When verified, withdrawal should be promptly treated. Not addressing it can prevent fully dealing with any other medical/surgical condition the patient has. In other words, this is not the time to make the patient go cold turkey.

“Withholding opioids will not cure the patient’s addiction, and giving opioids won’t worsen the addiction,” Dr. Samet said. “You can’t expect to cure the dependence during this hospital stay.”

Methadone is the best treatment choice for opioid-addicted inpatients, he said. It’s available in tablets, as an oral solution and parenterally; has an onset time of 30 to 60 minutes; and lasts about 6 hours for pain and 24 hours in preventing withdrawal.

Start with a 20-mg dose (“People don’t stop breathing with this amount,” Dr. Samet said) and reassess every two to three hours, giving an additional 5 to 10 mg until withdrawal signs abate.

“Again, rely on the pupils to gauge withdrawal,” Dr. Samet said.

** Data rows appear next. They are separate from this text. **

(*
  Differentiating the polar relation T = cis \<omega> \<gamma>/|\<gamma>| with T' = \<i> \<kappa> T gives
  \<omega>' |\<gamma>| = \<kappa> |\<gamma>| - sin \<omega>.  The origin lying outside the osculating disk D(s) means
  |\<gamma> + \<i> T/\<kappa>| \<ge> 1/|\<kappa>|, i.e. 2 \<kappa> sin \<omega> \<le> |\<gamma>| \<kappa>\<^sup>2.  Hence
  \<kappa> \<omega>' |\<gamma>| = \<kappa>\<^sup>2 |\<gamma>| - \<kappa> sin \<omega> \<ge> \<kappa>\<^sup>2 |\<gamma>| / 2 > 0, where \<kappa> \<noteq> 0 because (\<kappa>\<^sup>2)' > 0.
  As \<omega>' is continuous and nonzero on the interval (0,L), it has constant sign there.
*)

lemma has_vector_derivative_cis:
  assumes "(f has_real_derivative w) (at x)"
  shows "((\<lambda>t. cis (f t)) has_vector_derivative of_real w * (\<i> * cis (f x))) (at x)"
  using has_derivative_cis[OF assms[unfolded has_field_derivative_def]]
  by (simp add: has_vector_derivative_def scaleR_conv_of_real algebra_simps)

lemma open_open_param_int: "open (open_param_int L)"
proof -
  have "open_param_int L = {0<..} \<inter> ereal -` {..<L}"
    by (auto simp: open_param_int_def)
  moreover have "open (ereal -` {..<L})"
    by (rule open_vimage) (auto intro: continuous_intros)
  ultimately show ?thesis
    by auto
qed

lemma open_param_int_subset_param_int: "open_param_int L \<subseteq> param_int L"
  by (auto simp: open_param_int_def param_int_def)

lemma is_interval_open_param_int: "is_interval (open_param_int L)"
  unfolding is_interval_1 open_param_int_def by (auto intro: le_less_trans[of "ereal _" "ereal _"])

lemma smooth_on_set_subset: "smooth_on_set S f \<Longrightarrow> U \<subseteq> S \<Longrightarrow> smooth_on_set U f"
  unfolding smooth_on_set_def by (metis has_vector_derivative_within_subset subsetD)

lemma smooth_on_open_set_derivs:
  assumes "smooth_on_set U f" "open U"
  obtains F where "F 0 = f" "\<And>k s. s \<in> U \<Longrightarrow> (F k has_vector_derivative F (Suc k) s) (at s)"
  using assms unfolding smooth_on_set_def by (metis at_within_open)

lemma smooth_on_open_set_deriv:
  fixes f :: "real \<Rightarrow> real"
  assumes "smooth_on_set U f" "open U"
  shows "\<And>s. s \<in> U \<Longrightarrow> (f has_real_derivative deriv f s) (at s)"
    and "continuous_on U (deriv f)"
proof -
  obtain F where F0: "F 0 = f" and F: "\<And>k s. s \<in> U \<Longrightarrow> (F k has_vector_derivative F (Suc k) s) (at s)"
    using smooth_on_open_set_derivs[OF assms] by blast
  have f': "(f has_real_derivative F 1 s) (at s)" if "s \<in> U" for s
    using F[OF that, of 0] by (simp add: F0 has_real_derivative_iff_has_vector_derivative)
  then show "\<And>s. s \<in> U \<Longrightarrow> (f has_real_derivative deriv f s) (at s)"
    by (metis DERIV_imp_deriv)
  have "continuous_on U (F 1)"
    using F[of _ 1] by (meson continuous_at_imp_continuous_on has_vector_derivative_continuous)
  moreover have "continuous_on U (F 1) = continuous_on U (deriv f)"
    by (rule continuous_on_cong) (auto simp: DERIV_imp_deriv[OF f'])
  ultimately show "continuous_on U (deriv f)"
    by simp
qed

lemma nonzero_if_deriv_square_nonzero:
  fixes f :: "real \<Rightarrow> real"
  assumes "f differentiable (at s)" "deriv (\<lambda>t. (f t)\<^sup>2) s \<noteq> 0"
  shows "f s \<noteq> 0"
proof
  assume "f s = 0"
  obtain f' where "(f has_real_derivative f') (at s)"
    using assms(1) real_differentiable_def by blast
  then have "((\<lambda>t. (f t)\<^sup>2) has_real_derivative 0) (at s)"
    using \<open>f s = 0\<close> by (auto intro!: derivative_eq_intros)
  then show False
    using assms(2) DERIV_imp_deriv by blast
qed

lemma sign_constant_if_continuous_nonzero:
  fixes f :: "real \<Rightarrow> real"
  assumes "is_interval U" "continuous_on U f" "\<And>s. s \<in> U \<Longrightarrow> f s \<noteq> 0"
  shows "(\<forall>s\<in>U. f s > 0) \<or> (\<forall>s\<in>U. f s < 0)"
proof (rule ccontr)
  assume "\<not> ?thesis"
  then obtain a b where "a \<in> U" "f a < 0" "b \<in> U" "f b > 0"
    using assms(3) by (meson linorder_neqE_linordered_idom)
  moreover have "connected (f ` U)"
    using assms(1,2) by (simp add: connected_continuous_image is_interval_connected)
  ultimately have "0 \<in> f ` U"
    unfolding connected_iff_interval by (meson imageI less_imp_le)
  then show False
    using assms(3) by auto
qed

lemma strict_mono_or_antimono_if_deriv_nonzero:
  fixes f f' :: "real \<Rightarrow> real"
  assumes U: "is_interval U"
    and f': "\<And>s. s \<in> U \<Longrightarrow> (f has_real_derivative f' s) (at s)"
    and "continuous_on U f'" "\<And>s. s \<in> U \<Longrightarrow> f' s \<noteq> 0"
  shows "(\<forall>s\<in>U. \<forall>t\<in>U. s < t \<longrightarrow> f s < f t) \<or> (\<forall>s\<in>U. \<forall>t\<in>U. s < t \<longrightarrow> f s > f t)"
proof -
  have between: "x \<in> U" if "s \<in> U" "t \<in> U" "s \<le> x" "x \<le> t" for s t x
    using U that unfolding is_interval_1 by blast
  from sign_constant_if_continuous_nonzero[OF U assms(3,4)] show ?thesis
  proof
    assume pos: "\<forall>s\<in>U. f' s > 0"
    have "f s < f t" if "s \<in> U" "t \<in> U" "s < t" for s t
      using \<open>s < t\<close> by (rule DERIV_pos_imp_increasing) (use f' pos between that in blast)
    then show ?thesis by blast
  next
    assume neg: "\<forall>s\<in>U. f' s < 0"
    have "f s > f t" if "s \<in> U" "t \<in> U" "s < t" for s t
      using \<open>s < t\<close> by (rule DERIV_neg_imp_decreasing) (use f' neg between that in blast)
    then show ?thesis by blast
  qed
qed

lemma curvature_differentiable:
  fixes \<gamma> T :: "real \<Rightarrow> complex" and \<kappa> :: "real \<Rightarrow> real"
  assumes "smooth_on_set U \<gamma>" "open U" "s \<in> U"
    and \<gamma>': "\<And>t. t \<in> U \<Longrightarrow> (\<gamma> has_vector_derivative T t) (at t)"
    and T': "\<And>t. t \<in> U \<Longrightarrow> (T has_vector_derivative of_real (\<kappa> t) * (\<i> * T t)) (at t)"
    and unit: "\<And>t. t \<in> U \<Longrightarrow> norm (T t) = 1"
  shows "\<kappa> differentiable (at s)"
proof -
  obtain F where F0: "F 0 = \<gamma>" and F: "\<And>k t. t \<in> U \<Longrightarrow> (F k has_vector_derivative F (Suc k) t) (at t)"
    using smooth_on_open_set_derivs[OF assms(1,2)] by blast
  have F1: "F 1 t = T t" if "t \<in> U" for t
    using vector_derivative_unique_at[OF F[OF that, of 0, unfolded F0] \<gamma>'[OF that]] by simp
  have F2: "F 2 t = of_real (\<kappa> t) * (\<i> * T t)" if "t \<in> U" for t
  proof -
    have "(F 1 has_vector_derivative of_real (\<kappa> t) * (\<i> * T t)) (at t)"
      using T'[OF that] assms(2) that by (rule has_vector_derivative_transform_within_open) (metis F1)
    then show ?thesis
      using vector_derivative_unique_at F[OF that, of 1] by (metis numeral_2_eq_2 One_nat_def)
  qed
  have \<kappa>_eq: "\<kappa> t = Im (F 2 t * cnj (F 1 t))" if "t \<in> U" for t
  proof -
    have "T t * cnj (T t) = 1"
      using complex_norm_square[of "T t"] unit[OF that] by simp
    then show ?thesis
      unfolding F1[OF that] F2[OF that] by (simp add: mult.assoc)
  qed
  have "((\<lambda>t. Im (F 2 t * cnj (F 1 t))) has_real_derivative
          Im (F 2 s * cnj (F (Suc 1) s) + F (Suc 2) s * cnj (F 1 s))) (at s)"
    by (intro has_field_derivative_Im has_vector_derivative_mult has_vector_derivative_cnj F assms(3))
  then have "(\<kappa> has_real_derivative Im (F 2 s * cnj (F (Suc 1) s) + F (Suc 2) s * cnj (F 1 s))) (at s)"
    unfolding has_real_derivative_iff_has_vector_derivative
    using assms(2,3) by (rule has_vector_derivative_transform_within_open) (simp add: \<kappa>_eq)
  then show ?thesis
    using real_differentiable_def by blast
qed
text \<open>The remainder of the N-fold unfolding is at most (max h) times the N-th tail probability,
  and the tail probabilities are summable since, by the same unfolding, their partial sums are at
  most h u v.\<close>
lemma bounded_solution_sums:
  assumes fin: "finite X"
    and K_nonneg: "\<And>u v w. K u v w \<ge> 0"
    and step: "\<And>u v w. P u v \<Longrightarrow> w \<in> X \<Longrightarrow> K u v w \<noteq> 0 \<Longrightarrow> P v w"
    and eq: "\<And>u v. P u v \<Longrightarrow> h u v = 1 + (\<Sum>w\<in>X. K u v w * h v w)"
    and h_nonneg: "\<And>u v. P u v \<Longrightarrow> h u v \<ge> 0"
    and fin_P: "finite {(u, v). P u v}"
    and "P u v"
  shows "(\<lambda>n. \<Sum>ys\<in>length_lists X n. chain_prob K u v ys) sums h u v"
proof -
  define T where "T n = (\<Sum>ys\<in>length_lists X n. chain_prob K u v ys)" for n
  define R where
    "R n = (\<Sum>ys\<in>length_lists X n. chain_prob K u v ys * case_prod h (last_pair u v ys))" for n
  define B where "B = (\<Sum>s\<in>{(u, v). P u v}. case_prod h s)"
  have h_le_B: "case_prod h s \<le> B" if "case_prod P s" for s
    unfolding B_def using that h_nonneg
    by (intro member_le_sum [OF _ _ fin_P]) (auto split: prod.splits)
  have h_bounds: "0 \<le> h u' v' \<and> h u' v' \<le> B" if "P u' v'" for u' v'
    using h_nonneg [OF that] h_le_B [of "(u', v')"] that by simp
  have R_bounds: "0 \<le> R n \<and> R n \<le> B * T n" for n
    unfolding R_def T_def
    by (rule unfold_remainder_bounds [where P = P and K = K and h = h,
          OF K_nonneg step h_bounds \<open>P u v\<close>])
  have unfold: "h u v = (\<Sum>n<N. T n) + R N" for N
    unfolding T_def R_def
    by (rule first_step_solution_unfold [where P = P and K = K and h = h, OF fin step eq \<open>P u v\<close>])
  have "summable T"
  proof (rule summableI_nonneg_bounded)
    show "0 \<le> T n" for n
      unfolding T_def by (intro sum_nonneg chain_prob_nonneg K_nonneg)
    show "(\<Sum>n<N. T n) \<le> h u v" for N
      using unfold [of N] R_bounds [of N] by linarith
  qed
  then have "(\<lambda>n. B * T n) \<longlonglongrightarrow> 0"
    using tendsto_mult_right_zero summable_LIMSEQ_zero by blast
  then have "R \<longlonglongrightarrow> 0"
    by (rule Lim_null_comparison [rotated]) (use R_bounds in simp)
  then have "(\<lambda>N. h u v - R N) \<longlonglongrightarrow> h u v"
    using tendsto_diff [OF tendsto_const, of R 0 _ "h u v"] by simp
  moreover have "h u v - R N = (\<Sum>n<N. T n)" for N
    using unfold [of N] by simp
  ultimately show ?thesis
    unfolding sums_def T_def [symmetric] by simp
qed
lemma map_key_involution_one:
  "Poly_Mapping.map_key \<phi> (1 :: 'a \<Rightarrow>\<^sub>0 'b::semiring_1) = 1"
proof -
  have "Poly_Mapping.map_key \<phi> (Poly_Mapping.single 0 (1::'b)) = Poly_Mapping.single (\<phi> 0) 1"
    by (rule map_key_involution_single)
  then show ?thesis by (simp add: additive_involution_zero[OF \<phi>])
qed

lemma map_key_involution_uminus:
  "Poly_Mapping.map_key \<phi> (- p :: 'a \<Rightarrow>\<^sub>0 'b::ab_group_add) = - Poly_Mapping.map_key \<phi> p"
  by (rule poly_mapping_eqI) (simp add: lookup_map_key_involution[OF \<phi>])

lemma map_key_involution_diff:
  "Poly_Mapping.map_key \<phi> (p - q :: 'a \<Rightarrow>\<^sub>0 'b::ab_group_add) =
     Poly_Mapping.map_key \<phi> p - Poly_Mapping.map_key \<phi> q"
  by (rule poly_mapping_eqI) (simp add: lookup_map_key_involution[OF \<phi>] lookup_minus)

lemma map_key_involution_mult:
  "Poly_Mapping.map_key \<phi> (p * q :: 'a \<Rightarrow>\<^sub>0 'b::semiring_0) =
     Poly_Mapping.map_key \<phi> p * Poly_Mapping.map_key \<phi> q"
proof (rule poly_mapping_eqI)
  fix k
  have bij: "bij \<phi>" using additive_involution_bij[OF \<phi>] .
  have shift: "(k = l + m) \<longleftrightarrow> (\<phi> k = \<phi> l + \<phi> m)" for l m
    using \<phi> unfolding additive_involution_def by metis
  have inner: "(\<Sum>m. Poly_Mapping.lookup q (\<phi> m) when k = l + m) =
      (\<Sum>m. Poly_Mapping.lookup q m when \<phi> k = \<phi> l + m)" for l
    by (rule Sum_any.reindex_cong[OF bij, symmetric]) (auto simp: fun_eq_iff shift)
  have "Poly_Mapping.lookup (Poly_Mapping.map_key \<phi> p * Poly_Mapping.map_key \<phi> q) k =
      (\<Sum>l. Poly_Mapping.lookup p (\<phi> l) * (\<Sum>m. Poly_Mapping.lookup q m when \<phi> k = \<phi> l + m))"
    by (simp add: lookup_mult lookup_map_key_involution[OF \<phi>] inner)
  also have "\<dots> = (\<Sum>l. Poly_Mapping.lookup p l * (\<Sum>m. Poly_Mapping.lookup q m when \<phi> k = l + m))"
    using \<phi> unfolding additive_involution_def
    by (intro Sum_any.reindex_cong[OF bij]) (auto simp: fun_eq_iff)
  also have "\<dots> = Poly_Mapping.lookup (Poly_Mapping.map_key \<phi> (p * q)) k"
    by (simp add: lookup_mult lookup_map_key_involution[OF \<phi>])
  finally show "Poly_Mapping.lookup (Poly_Mapping.map_key \<phi> (p * q)) k =
      Poly_Mapping.lookup (Poly_Mapping.map_key \<phi> p * Poly_Mapping.map_key \<phi> q) k" ..
qed

lemma map_key_involution_power:
  "Poly_Mapping.map_key \<phi> (p ^ n :: 'a \<Rightarrow>\<^sub>0 'b::semiring_1) = Poly_Mapping.map_key \<phi> p ^ n"
  by (induction n) (simp_all add: map_key_involution_one map_key_involution_mult)

end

Be sure not to exceed 40 mg of methadone in 24 hours, and monitor the patient for central nervous system and respiratory depression. On the following day, give the patient the same total dose you gave in the previous 24 hours.

“Remember, the goal is to alleviate acute withdrawal; the patient will continue to crave heroin,” Dr. Samet said.

If the patient’s drug test is positive for opiates on the second day of hospitalization, it is not the result of the methadone, he added; as a synthetic opioid, methadone won’t show up. The results probably can be explained by residual heroin from before the patient’s admission; any morphine the patient was given after admission; illicit opioid use during hospitalization (for example, if the patient left the floor to use); or even ingestion of a poppyseed bagel.

Once the patient has had her acute withdrawal symptoms relieved, you can proceed to the long-term treatment options outlined previously. Be aware, however, that patients are at the greatest risk of overdose if they go back to using within the first 12 months after a quit attempt, because their tolerance is low, Dr. Samet said.